→ **Assignment**
Set down every record below exactly as it stands.

[The data — start]

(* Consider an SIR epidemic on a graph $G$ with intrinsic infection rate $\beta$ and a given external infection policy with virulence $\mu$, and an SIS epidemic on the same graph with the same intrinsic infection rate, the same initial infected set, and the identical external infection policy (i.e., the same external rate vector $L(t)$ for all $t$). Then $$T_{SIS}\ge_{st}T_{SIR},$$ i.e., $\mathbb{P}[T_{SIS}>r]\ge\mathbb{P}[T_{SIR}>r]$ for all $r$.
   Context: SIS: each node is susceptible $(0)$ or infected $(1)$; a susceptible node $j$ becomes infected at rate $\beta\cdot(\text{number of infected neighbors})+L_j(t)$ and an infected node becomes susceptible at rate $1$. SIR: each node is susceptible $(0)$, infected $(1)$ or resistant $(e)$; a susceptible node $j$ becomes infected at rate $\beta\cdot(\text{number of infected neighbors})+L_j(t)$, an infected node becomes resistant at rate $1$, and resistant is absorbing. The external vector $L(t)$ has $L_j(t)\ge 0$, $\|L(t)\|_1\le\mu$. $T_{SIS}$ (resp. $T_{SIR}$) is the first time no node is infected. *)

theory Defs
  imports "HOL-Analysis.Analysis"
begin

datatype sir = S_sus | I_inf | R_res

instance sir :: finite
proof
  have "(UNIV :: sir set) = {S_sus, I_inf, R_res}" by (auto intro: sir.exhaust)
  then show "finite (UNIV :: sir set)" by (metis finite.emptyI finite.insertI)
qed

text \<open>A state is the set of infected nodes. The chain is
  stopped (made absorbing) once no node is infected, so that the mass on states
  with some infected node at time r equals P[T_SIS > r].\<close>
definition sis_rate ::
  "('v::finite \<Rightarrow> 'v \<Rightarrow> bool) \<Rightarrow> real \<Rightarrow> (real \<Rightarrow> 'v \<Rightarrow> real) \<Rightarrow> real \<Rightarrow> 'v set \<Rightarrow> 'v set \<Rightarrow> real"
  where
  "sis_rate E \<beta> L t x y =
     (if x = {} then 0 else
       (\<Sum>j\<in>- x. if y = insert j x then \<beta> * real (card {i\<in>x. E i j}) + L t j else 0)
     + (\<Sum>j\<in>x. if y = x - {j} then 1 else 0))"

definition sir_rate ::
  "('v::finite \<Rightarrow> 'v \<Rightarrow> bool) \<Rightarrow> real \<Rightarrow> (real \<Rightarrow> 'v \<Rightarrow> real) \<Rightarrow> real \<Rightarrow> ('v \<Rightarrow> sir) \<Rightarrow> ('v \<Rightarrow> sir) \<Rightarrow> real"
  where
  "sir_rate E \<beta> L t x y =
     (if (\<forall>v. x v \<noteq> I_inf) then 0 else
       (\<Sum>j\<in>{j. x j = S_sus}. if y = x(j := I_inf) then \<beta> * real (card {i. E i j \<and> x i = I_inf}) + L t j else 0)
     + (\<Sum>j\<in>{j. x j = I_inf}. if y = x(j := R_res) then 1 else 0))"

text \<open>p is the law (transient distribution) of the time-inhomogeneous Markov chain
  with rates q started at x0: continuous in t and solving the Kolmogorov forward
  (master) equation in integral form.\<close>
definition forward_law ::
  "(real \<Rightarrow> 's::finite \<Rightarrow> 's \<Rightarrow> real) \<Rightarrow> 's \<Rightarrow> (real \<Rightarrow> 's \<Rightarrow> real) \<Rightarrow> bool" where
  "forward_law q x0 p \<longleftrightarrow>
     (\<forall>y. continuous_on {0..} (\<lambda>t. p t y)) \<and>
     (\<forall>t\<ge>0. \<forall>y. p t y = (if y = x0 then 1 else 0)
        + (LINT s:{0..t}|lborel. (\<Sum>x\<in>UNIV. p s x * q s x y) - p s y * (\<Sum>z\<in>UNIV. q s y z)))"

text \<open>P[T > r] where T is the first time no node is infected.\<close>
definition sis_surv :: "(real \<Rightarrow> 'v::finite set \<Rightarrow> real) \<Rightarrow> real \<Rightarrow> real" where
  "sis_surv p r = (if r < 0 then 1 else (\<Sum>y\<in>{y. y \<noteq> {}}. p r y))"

[The data — finish]

→ **Response to this exercise**
(* Consider an SIR epidemic on a graph $G$ with intrinsic infection rate $\beta$ and a given external infection policy with virulence $\mu$, and an SIS epidemic on the same graph with the same intrinsic infection rate, the same initial infected set, and the identical external infection policy (i.e., the same external rate vector $L(t)$ for all $t$). Then $$T_{SIS}\ge_{st}T_{SIR},$$ i.e., $\mathbb{P}[T_{SIS}>r]\ge\mathbb{P}[T_{SIR}>r]$ for all $r$.
   Context: SIS: each node is susceptible $(0)$ or infected $(1)$; a susceptible node $j$ becomes infected at rate $\beta\cdot(\text{number of infected neighbors})+L_j(t)$ and an infected node becomes susceptible at rate $1$. SIR: each node is susceptible $(0)$, infected $(1)$ or resistant $(e)$; a susceptible node $j$ becomes infected at rate $\beta\cdot(\text{number of infected neighbors})+L_j(t)$, an infected node becomes resistant at rate $1$, and resistant is absorbing. The external vector $L(t)$ has $L_j(t)\ge 0$, $\|L(t)\|_1\le\mu$. $T_{SIS}$ (resp. $T_{SIR}$) is the first time no node is infected. *)

theory Defs
  imports "HOL-Analysis.Analysis"
begin

datatype sir = S_sus | I_inf | R_res

instance sir :: finite
proof
  have "(UNIV :: sir set) = {S_sus, I_inf, R_res}" by (auto intro: sir.exhaust)
  then show "finite (UNIV :: sir set)" by (metis finite.emptyI finite.insertI)
qed

text \<open>A state is the set of infected nodes. The chain is
  stopped (made absorbing) once no node is infected, so that the mass on states
  with some infected node at time r equals P[T_SIS > r].\<close>
definition sis_rate ::
  "('v::finite \<Rightarrow> 'v \<Rightarrow> bool) \<Rightarrow> real \<Rightarrow> (real \<Rightarrow> 'v \<Rightarrow> real) \<Rightarrow> real \<Rightarrow> 'v set \<Rightarrow> 'v set \<Rightarrow> real"
  where
  "sis_rate E \<beta> L t x y =
     (if x = {} then 0 else
       (\<Sum>j\<in>- x. if y = insert j x then \<beta> * real (card {i\<in>x. E i j}) + L t j else 0)
     + (\<Sum>j\<in>x. if y = x - {j} then 1 else 0))"

definition sir_rate ::
  "('v::finite \<Rightarrow> 'v \<Rightarrow> bool) \<Rightarrow> real \<Rightarrow> (real \<Rightarrow> 'v \<Rightarrow> real) \<Rightarrow> real \<Rightarrow> ('v \<Rightarrow> sir) \<Rightarrow> ('v \<Rightarrow> sir) \<Rightarrow> real"
  where
  "sir_rate E \<beta> L t x y =
     (if (\<forall>v. x v \<noteq> I_inf) then 0 else
       (\<Sum>j\<in>{j. x j = S_sus}. if y = x(j := I_inf) then \<beta> * real (card {i. E i j \<and> x i = I_inf}) + L t j else 0)
     + (\<Sum>j\<in>{j. x j = I_inf}. if y = x(j := R_res) then 1 else 0))"

text \<open>p is the law (transient distribution) of the time-inhomogeneous Markov chain
  with rates q started at x0: continuous in t and solving the Kolmogorov forward
  (master) equation in integral form.\<close>
definition forward_law ::
  "(real \<Rightarrow> 's::finite \<Rightarrow> 's \<Rightarrow> real) \<Rightarrow> 's \<Rightarrow> (real \<Rightarrow> 's \<Rightarrow> real) \<Rightarrow> bool" where
  "forward_law q x0 p \<longleftrightarrow>
     (\<forall>y. continuous_on {0..} (\<lambda>t. p t y)) \<and>
     (\<forall>t\<ge>0. \<forall>y. p t y = (if y = x0 then 1 else 0)
        + (LINT s:{0..t}|lborel. (\<Sum>x\<in>UNIV. p s x * q s x y) - p s y * (\<Sum>z\<in>UNIV. q s y z)))"

text \<open>P[T > r] where T is the first time no node is infected.\<close>
definition sis_surv :: "(real \<Rightarrow> 'v::finite set \<Rightarrow> real) \<Rightarrow> real \<Rightarrow> real" where
  "sis_surv p r = (if r < 0 then 1 else (\<Sum>y\<in>{y. y \<noteq> {}}. p r y))"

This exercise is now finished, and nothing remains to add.